Python Console Session
>>> from multimolecule import MaxEntScanConfig, MaxEntScanModel
>>> # Initializing a MaxEntScan multimolecule/maxentscan-score5 style configuration
>>> configuration = MaxEntScanConfig()
>>> # Initializing a model (with random buffers) from the multimolecule/maxentscan-score5 style configuration
>>> model = MaxEntScanModel(configuration)
>>> # Accessing the model configuration
>>> configuration = model.config

源代码位于： multimolecule/models/maxentscan/configuration_maxentscan.py

Python
class MaxEntScanConfig(PreTrainedConfig):
    r"""
    This is the configuration class to store the configuration of a
    [`MaxEntScanModel`][multimolecule.models.MaxEntScanModel]. It is used to instantiate a MaxEntScan scorer according
    to the specified arguments, defining the model behavior. Instantiating a configuration with the defaults will yield
    a configuration equivalent to the 5' splice-site scorer (`score5`) of the original MaxEntScan tool.

    MaxEntScan is a maximum-entropy model and has no trainable weights. The score tables are fixed maximum-entropy
    probability tables published with the original tool and are registered as buffers on the model.

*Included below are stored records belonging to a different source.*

(* Let $(\gamma_i)_{i=0}^n$ be a linear sequence of geodesics in $\mathbb{H}^2$, and let $(x_i)_{i=0}^n$ be a homologous sequence of points on the $\gamma_i$. Then for every $y \in \gamma_n$, $$d(x_n, y) \le d(x_0, y).$$
   Context: A linear sequence of geodesics in $\mathbb{H}^2$ is a sequence $(\gamma_i)_{i=0}^n$ of pairwise disjoint geodesics, consecutive ones having a common orthogonal, such that each $\gamma_i$ separates those before it from those after it. Each $\gamma_i$ is oriented so that the geodesics following it in the sequence lie to its left ($\mathbb{H}^2$ being oriented). Let $\eta_i$ be the common orthogonal of $\gamma_i$ and $\gamma_{i+1}$. A homologous sequence of points is a sequence $x_i\in\gamma_i$ such that for each $i$, the signed distance (along $\gamma_{i+1}$, with its orientation) from the foot of $\eta_i$ on $\gamma_{i+1}$ to $x_{i+1}$ equals the signed distance (along $\gamma_i$, with its orientation) from the foot of $\eta_i$ on $\gamma_i$ to $x_i$; equivalently $x_{i+1}$ is the image of $x_i$ under the orientation-preserving isometry taking the oriented geodesic $\gamma_i$ to $\gamma_{i+1}$ and the foot of $\eta_i$ on $\gamma_i$ to its foot on $\gamma_{i+1}$. *)

theory Defs
  imports "HOL-Analysis.Analysis"
begin

text \<open>Hyperboloid model of the hyperbolic plane inside real^3 with the
Minkowski form x1 y1 + x2 y2 - x3 y3.\<close>

definition mink :: "real^3 \<Rightarrow> real^3 \<Rightarrow> real" where
  "mink x y = x$1 * y$1 + x$2 * y$2 - x$3 * y$3"

definition hyp_pt :: "real^3 \<Rightarrow> bool" where
  "hyp_pt x \<longleftrightarrow> mink x x = -1 \<and> x$3 > 0"

definition hdist :: "real^3 \<Rightarrow> real^3 \<Rightarrow> real" where
  "hdist x y = arcosh (- mink x y)"

text \<open>The oriented geodesic is its image, oriented in the direction of increasing parameter;
the signed distance from c s to c t along it is t - s.\<close>
definition geod_line :: "(real \<Rightarrow> real^3) \<Rightarrow> bool" where
  "geod_line c \<longleftrightarrow> (\<forall>t. hyp_pt (c t)) \<and> (\<forall>s t. hdist (c s) (c t) = \<bar>s - t\<bar>)"

text \<open>Ambient determinant det(p,q,x) (scalar triple product).  The hyperbolic plane is
oriented by declaring a tangent basis (u,v) at p positive iff det(p,u,v) > 0.\<close>
definition det3 :: "real^3 \<Rightarrow> real^3 \<Rightarrow> real^3 \<Rightarrow> real" where
  "det3 p q x = p$1 * (q$2 * x$3 - q$3 * x$2) - p$2 * (q$1 * x$3 - q$3 * x$1)
               + p$3 * (q$1 * x$2 - q$2 * x$1)"

definition left_of :: "(real \<Rightarrow> real^3) \<Rightarrow> real^3 \<Rightarrow> bool" where
  "left_of c x \<longleftrightarrow> hyp_pt x \<and> det3 (c 0) (c 1) x > 0"

definition right_of :: "(real \<Rightarrow> real^3) \<Rightarrow> real^3 \<Rightarrow> bool" where
  "right_of c x \<longleftrightarrow> hyp_pt x \<and> det3 (c 0) (c 1) x < 0"

definition meets_orth :: "(real \<Rightarrow> real^3) \<Rightarrow> real \<Rightarrow> (real \<Rightarrow> real^3) \<Rightarrow> bool" where
  "meets_orth c s e \<longleftrightarrow> (\<exists>t. e t = c s \<and>
      mink (vector_derivative c (at s)) (vector_derivative e (at t)) = 0)"

definition separates :: "(real^3) set \<Rightarrow> (real^3) set \<Rightarrow> (real^3) set \<Rightarrow> bool" where
  "separates A B C \<longleftrightarrow> (\<forall>P. path P \<and> path_image P \<subseteq> Collect hyp_pt \<and>
      pathstart P \<in> B \<and> pathfinish P \<in> C \<longrightarrow> path_image P \<inter> A \<noteq> {})"

end

theory Submission
  imports Defs
begin

text \<open>A homologous step from gamma_i to gamma_(i+1) is the hyperbolic translation along
  the common perpendicular eta_i: it moves the foot P to the foot Q and carries the unit
  tangent U of gamma_i at P to the unit tangent of gamma_(i+1) at Q. In the hyperboloid
  model x_i = cosh s P + sinh s U and x_(i+1) = cosh s Q + sinh s U, hence
  <x_(i+1), y> - <x_i, y> = cosh s (<Q, y> - <P, y>), and Q is no farther than P from any
  y in the closed half-plane to the left of gamma_(i+1). As cosh d(x, y) = - <x, y>, the
  distance from x_i to a point y of gamma_n is non-increasing in i.\<close>

lemma mink_commute: "mink x y = mink y x"
  by (simp add: mink_def algebra_simps)

lemma mink_add_left: "mink (x + y) z = mink x z + mink y z"
  and mink_add_right: "mink z (x + y) = mink z x + mink z y"
  and mink_diff_left: "mink (x - y) z = mink x z - mink y z"
  and mink_diff_right: "mink z (x - y) = mink z x - mink z y"
  and mink_scaleR_left: "mink (r *\<^sub>R x) z = r * mink x z"
  and mink_scaleR_right: "mink z (r *\<^sub>R x) = r * mink z x"
  by (simp_all add: mink_def algebra_simps)

lemmas mink_bilinear =
  mink_add_left mink_add_right mink_diff_left mink_diff_right mink_scaleR_left mink_scaleR_right

text \<open>The Gram identity for the Minkowski form: the Minkowski Gram matrix of
  two triples is G = A J B^T with J = diag(1,1,-1), so det G = - det A * det B.\<close>

lemma det3_mult_det3:
  "det3 a b c * det3 d e f =
   - (mink a d * (mink b e * mink c f - mink b f * mink c e)
    - mink a e * (mink b d * mink c f - mink b f * mink c d)
    + mink a f * (mink b d * mink c e - mink b e * mink c d))"
  unfolding det3_def mink_def by (simp add: algebra_simps)
(* Take $g_k(x)=|x|$ for all $k$, and assume (H1) and (H2) for $(X_1,\ldots,X_d)$ and for the aggregated vector below. Let $CR\subseteq\{1,\ldots,d\}$ be a set of $r\le d$ indices such that the risks $(X_k)_{k\in CR}$ are comonotonic. Let $(u_1,\ldots,u_d)=A_{X_1,\ldots,X_d}(u)$. Then the optimal allocation of $u$ for the vector consisting of the risks $X_i$, $i\in\{1,\ldots,d\}\setminus CR$, together with the single aggregated risk $\sum_{k\in CR}X_k$, is $A_{(X_i)_{i\notin CR},\,\sum_{k\in CR}X_k}(u)=\big((u_i)_{i\notin CR},\ \sum_{k\in CR}u_k\big)$.
   Context: For a vector $\mathbf Y=(Y_1,\ldots,Y_m)$ of nonnegative random variables and capital $u\ge0$, $\mathcal{U}^m_u=\{v\in[0,u]^m:\sum_k v_k=u\}$ and $I_{\mathbf Y}(v)=\sum_{k=1}^m\mathbb{E}[g_k(v_k-Y_k)\mathbf 1_{\{Y_k>v_k\}}\mathbf 1_{\{\sum_l Y_l\le u\}}]$; with $g_k(x)=|x|$ this is $\sum_k\mathbb{E}[(Y_k-v_k)^+\mathbf 1_{\{\sum_l Y_l\le u\}}]$. (H1): $I_{\mathbf Y}$ has a unique minimizer on $\mathcal{U}^m_u$, denoted $A_{Y_1,\ldots,Y_m}(u)$ (the optimal allocation). (H2): the $g_k$ are differentiable, the relevant $g_k'(v_k-Y_k)$ are integrable, and each pair $(Y_k,\sum_l Y_l)$ has a joint density. Random variables $(Z_1,\ldots,Z_n)$ are comonotonic if there exist a random variable $W$ and non-decreasing functions $\varphi_1,\ldots,\varphi_n$ with $(Z_1,\ldots,Z_n)\overset{d}{=}(\varphi_1(W),\ldots,\varphi_n(W))$. *)

theory Defs
  imports "HOL-Probability.Probability"
begin

definition alloc_set :: "'i set \<Rightarrow> real \<Rightarrow> ('i \<Rightarrow> real) set" where
  "alloc_set I u = {v. (\<forall>k\<in>I. 0 \<le> v k \<and> v k \<le> u) \<and> (\<forall>k. k \<notin> I \<longrightarrow> v k = 0)
                        \<and> (\<Sum>k\<in>I. v k) = u}"

definition risk_ind ::
  "('i \<Rightarrow> real \<Rightarrow> real) \<Rightarrow> 'a measure \<Rightarrow> ('i \<Rightarrow> 'a \<Rightarrow> real) \<Rightarrow> 'i set \<Rightarrow> real
   \<Rightarrow> ('i \<Rightarrow> real) \<Rightarrow> real" where
  "risk_ind g M Y I u v =
     (\<Sum>k\<in>I. integral\<^sup>L M (\<lambda>\<omega>. g k (v k - Y k \<omega>)
         * indicator {\<omega>. Y k \<omega> > v k} \<omega>
         * indicator {\<omega>. (\<Sum>l\<in>I. Y l \<omega>) \<le> u} \<omega>))"

definition is_minimizer ::
  "('i \<Rightarrow> real \<Rightarrow> real) \<Rightarrow> 'a measure \<Rightarrow> ('i \<Rightarrow> 'a \<Rightarrow> real) \<Rightarrow> 'i set \<Rightarrow> real
   \<Rightarrow> ('i \<Rightarrow> real) \<Rightarrow> bool" where
  "is_minimizer g M Y I u v \<longleftrightarrow>
     v \<in> alloc_set I u \<and> (\<forall>w\<in>alloc_set I u. risk_ind g M Y I u v \<le> risk_ind g M Y I u w)"

definition H1 ::
  "('i \<Rightarrow> real \<Rightarrow> real) \<Rightarrow> 'a measure \<Rightarrow> ('i \<Rightarrow> 'a \<Rightarrow> real) \<Rightarrow> 'i set \<Rightarrow> real \<Rightarrow> bool" where
  "H1 g M Y I u \<longleftrightarrow> (\<exists>!v. is_minimizer g M Y I u v)"

definition opt_alloc ::
  "('i \<Rightarrow> real \<Rightarrow> real) \<Rightarrow> 'a measure \<Rightarrow> ('i \<Rightarrow> 'a \<Rightarrow> real) \<Rightarrow> 'i set \<Rightarrow> real \<Rightarrow> ('i \<Rightarrow> real)" where
  "opt_alloc g M Y I u = (THE v. is_minimizer g M Y I u v)"

definition has_joint_density :: "'a measure \<Rightarrow> ('a \<Rightarrow> real) \<Rightarrow> ('a \<Rightarrow> real) \<Rightarrow> bool" where
  "has_joint_density M Z1 Z2 \<longleftrightarrow>
     (\<exists>f. distributed M (lborel \<Otimes>\<^sub>M lborel) (\<lambda>\<omega>. (Z1 \<omega>, Z2 \<omega>)) f)"

text \<open>(H2) specialised to g_k = |.|: measurable risks, integrable derivatives
  g_k'(v_k - Y_k) = sgn(v_k - Y_k), and each pair (Y_k, sum_l Y_l) has a joint density.\<close>
definition H2_abs :: "'a measure \<Rightarrow> ('i \<Rightarrow> 'a \<Rightarrow> real) \<Rightarrow> 'i set \<Rightarrow> real \<Rightarrow> bool" where
  "H2_abs M Y I u \<longleftrightarrow>
     (\<forall>k\<in>I. Y k \<in> borel_measurable M)
   \<and> (\<forall>v\<in>alloc_set I u. \<forall>k\<in>I. integrable M (\<lambda>\<omega>. sgn (v k - Y k \<omega>)))
   \<and> (\<forall>k\<in>I. has_joint_density M (Y k) (\<lambda>\<omega>. \<Sum>l\<in>I. Y l \<omega>))"

definition comonotonic :: "'a measure \<Rightarrow> ('i \<Rightarrow> 'a \<Rightarrow> real) \<Rightarrow> 'i set \<Rightarrow> bool" where
  "comonotonic M Z C \<longleftrightarrow>
     (\<exists>W \<phi>. W \<in> borel_measurable M \<and> (\<forall>k\<in>C. mono (\<phi> k :: real \<Rightarrow> real)) \<and>
        distr M (PiM C (\<lambda>_. borel)) (\<lambda>\<omega>. \<lambda>k\<in>C. Z k \<omega>)
      = distr M (PiM C (\<lambda>_. borel)) (\<lambda>\<omega>. \<lambda>k\<in>C. \<phi> k (W \<omega>)))"

text \<open>Aggregated vector: indices Some i for i outside CR, and None for the aggregate.\<close>
definition agg_risks :: "('i \<Rightarrow> 'a \<Rightarrow> real) \<Rightarrow> 'i set \<Rightarrow> 'i option \<Rightarrow> 'a \<Rightarrow> real" where
  "agg_risks X CR j = (case j of None \<Rightarrow> (\<lambda>\<omega>. \<Sum>k\<in>CR. X k \<omega>) | Some i \<Rightarrow> X i)"

definition agg_index :: "'i set \<Rightarrow> 'i set \<Rightarrow> 'i option set" where
  "agg_index D CR = Some ` (D - CR) \<union> {None}"

end

theory Submission
  imports Defs
begin
theory Submission
  imports Defs "HOL-Computational_Algebra.Primes" "HOL-Computational_Algebra.Polynomial"
    "HOL-Analysis.Harmonic_Numbers"
begin

text \<open>Read \<open>u \<in> J q n\<close> as the multiset with \<open>u i\<close> copies of the letter \<open>i + 1\<close> and let
  \<open>G\<^sub>u = \<Prod>(1 + a X)\<close> over its letters. Fix a prime \<open>q < p \<le> 2q\<close> (Bertrand's postulate) and
  \<open>h = \<delta> - 1\<close>, and sort the vectors by the residues modulo \<open>p\<close> of the coefficients of
  \<open>X, \<dots>, X ^ h\<close> in \<open>G\<^sub>u\<close>; there are at most \<open>p ^ h \<le> (2q) ^ (\<delta> - 1)\<close> classes, so the largest one is big
  enough. If \<open>u \<noteq> v\<close> lie in one class and \<open>d\<^sub>L(u, v) = 2k \<le> 2h\<close>, cancel their common part:
  \<open>u = w + x\<close>, \<open>v = w + y\<close> with \<open>x, y\<close> of disjoint support and weight \<open>k\<close>. Since \<open>G\<^sub>w\<close> has constant
  term \<open>1\<close>, \<open>G\<^sub>x \<equiv> G\<^sub>y\<close> modulo \<open>p\<close> up to degree \<open>h\<close>, hence as polynomials. Evaluating at the root
  of a factor \<open>1 + a X\<close> of \<open>G\<^sub>x\<close> modulo \<open>p\<close> kills \<open>G\<^sub>x\<close> but not \<open>G\<^sub>y\<close>, because distinct letters
  are distinct modulo \<open>p > q\<close>.\<close>

section \<open>Bertrand's postulate\<close>

lemma prime_nat_by_trial_division:
  fixes p m :: nat
  assumes "p \<ge> 2" and "p < m * m" and "\<forall>d \<in> set [2..<m]. \<not> d dvd p"
  shows "prime p"
proof (rule ccontr)
  assume "\<not> prime p"
  then obtain d where d: "d \<in> {2..<p}" "d dvd p"
    using prime_nat_iff' assms(1) by auto
  then obtain e where e: "p = d * e" by blast
  with d assms(1) have "e \<ge> 2"
    by (cases e) (auto simp: le_Suc_eq)
  define f where "f = min d e"
  have "f dvd p" "f \<ge> 2" using e d \<open>e \<ge> 2\<close> unfolding f_def min_def by auto
  have "f * f \<le> p" unfolding f_def e by (intro mult_mono) auto
  have "f < m"
  proof (rule ccontr)
    assume "\<not> f < m"
    then have "m * m \<le> f * f" by (intro mult_mono) auto
    with \<open>f * f \<le> p\<close> assms(2) show False by simp
  qed
  with assms(3) \<open>f dvd p\<close> \<open>f \<ge> 2\<close> show False by auto
qed

definition primorial :: "nat \<Rightarrow> nat" where
  "primorial n = \<Prod>{p. prime p \<and> p \<le> n}"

    Configuration objects inherit from [`PreTrainedConfig`][multimolecule.models.PreTrainedConfig] and can be used to
    control the model outputs. Read the documentation from [`PreTrainedConfig`][multimolecule.models.PreTrainedConfig]
    for more information.

    Args:
        vocab_size:
            Vocabulary size of the MaxEntScan model. Defines the number of different tokens that can be represented by
            the `input_ids` passed when calling [`MaxEntScanModel`].
            Defaults to 5 (the streamline RNA alphabet `ACGUN`).
        mode:
            Which splice-site scorer to use. `"score5"` scores 5' (donor) splice sites, `"score3"` scores 3' (acceptor)
            splice sites.
        window:
            The fixed length of the input window. Must match `mode`: 9 for `score5`, 23 for `score3`. If `None`, it is
            derived from `mode`.
        num_labels:
            Number of output labels. MaxEntScan emits a single maximum-entropy score, so this must be 1.

    Examples:
        >>> from multimolecule import MaxEntScanConfig, MaxEntScanModel
        >>> # Initializing a MaxEntScan multimolecule/maxentscan-score5 style configuration
        >>> configuration = MaxEntScanConfig()
        >>> # Initializing a model (with random buffers) from the multimolecule/maxentscan-score5 style configuration
        >>> model = MaxEntScanModel(configuration)
        >>> # Accessing the model configuration
        >>> configuration = model.config
    """

    model_type = "maxentscan"

    def __init__(
        self,
        vocab_size: int = 5,
        mode: str = "score5",
        window: int | None = None,
        hidden_size: int = 1,
        head: HeadConfig | None = None,
        num_labels: int = 1,
        bos_token_id: int | None = None,
        eos_token_id: int | None = None,
        pad_token_id: int = 4,
        **kwargs,
    ):
        super().__init__(num_labels=num_labels, pad_token_id=pad_token_id, **kwargs)
        if mode not in WINDOW_FOR_MODE:
            raise ValueError(f"`mode` must be one of {sorted(WINDOW_FOR_MODE)}, got {mode!r}")
        expected_window = WINDOW_FOR_MODE[mode]
        if window is None:
            window = expected_window
        if window != expected_window:
            raise ValueError(f"`window` ({window}) does not match `mode` ({mode!r}); expected window {expected_window}")
        if num_labels != 1:
            raise ValueError(f"MaxEntScan emits a single score; `num_labels` must be 1, got {num_labels}")
        if hidden_size != 1:
            raise ValueError(f"MaxEntScan emits a single scalar feature; `hidden_size` must be 1, got {hidden_size}")
        self.bos_token_id = bos_token_id  # type: ignore[assignment]
        self.eos_token_id = eos_token_id  # type: ignore[assignment]
        self.vocab_size = vocab_size
        self.mode = mode
        self.window = window
        # The maximum-entropy score is a single scalar feature; the downstream regression head projects from it.
        self.hidden_size = hidden_size
        self.num_labels = num_labels
        self.problem_type = "regression"
        self.head = HeadConfig(head) if head is not None else HeadConfig(num_labels=1, problem_type="regression")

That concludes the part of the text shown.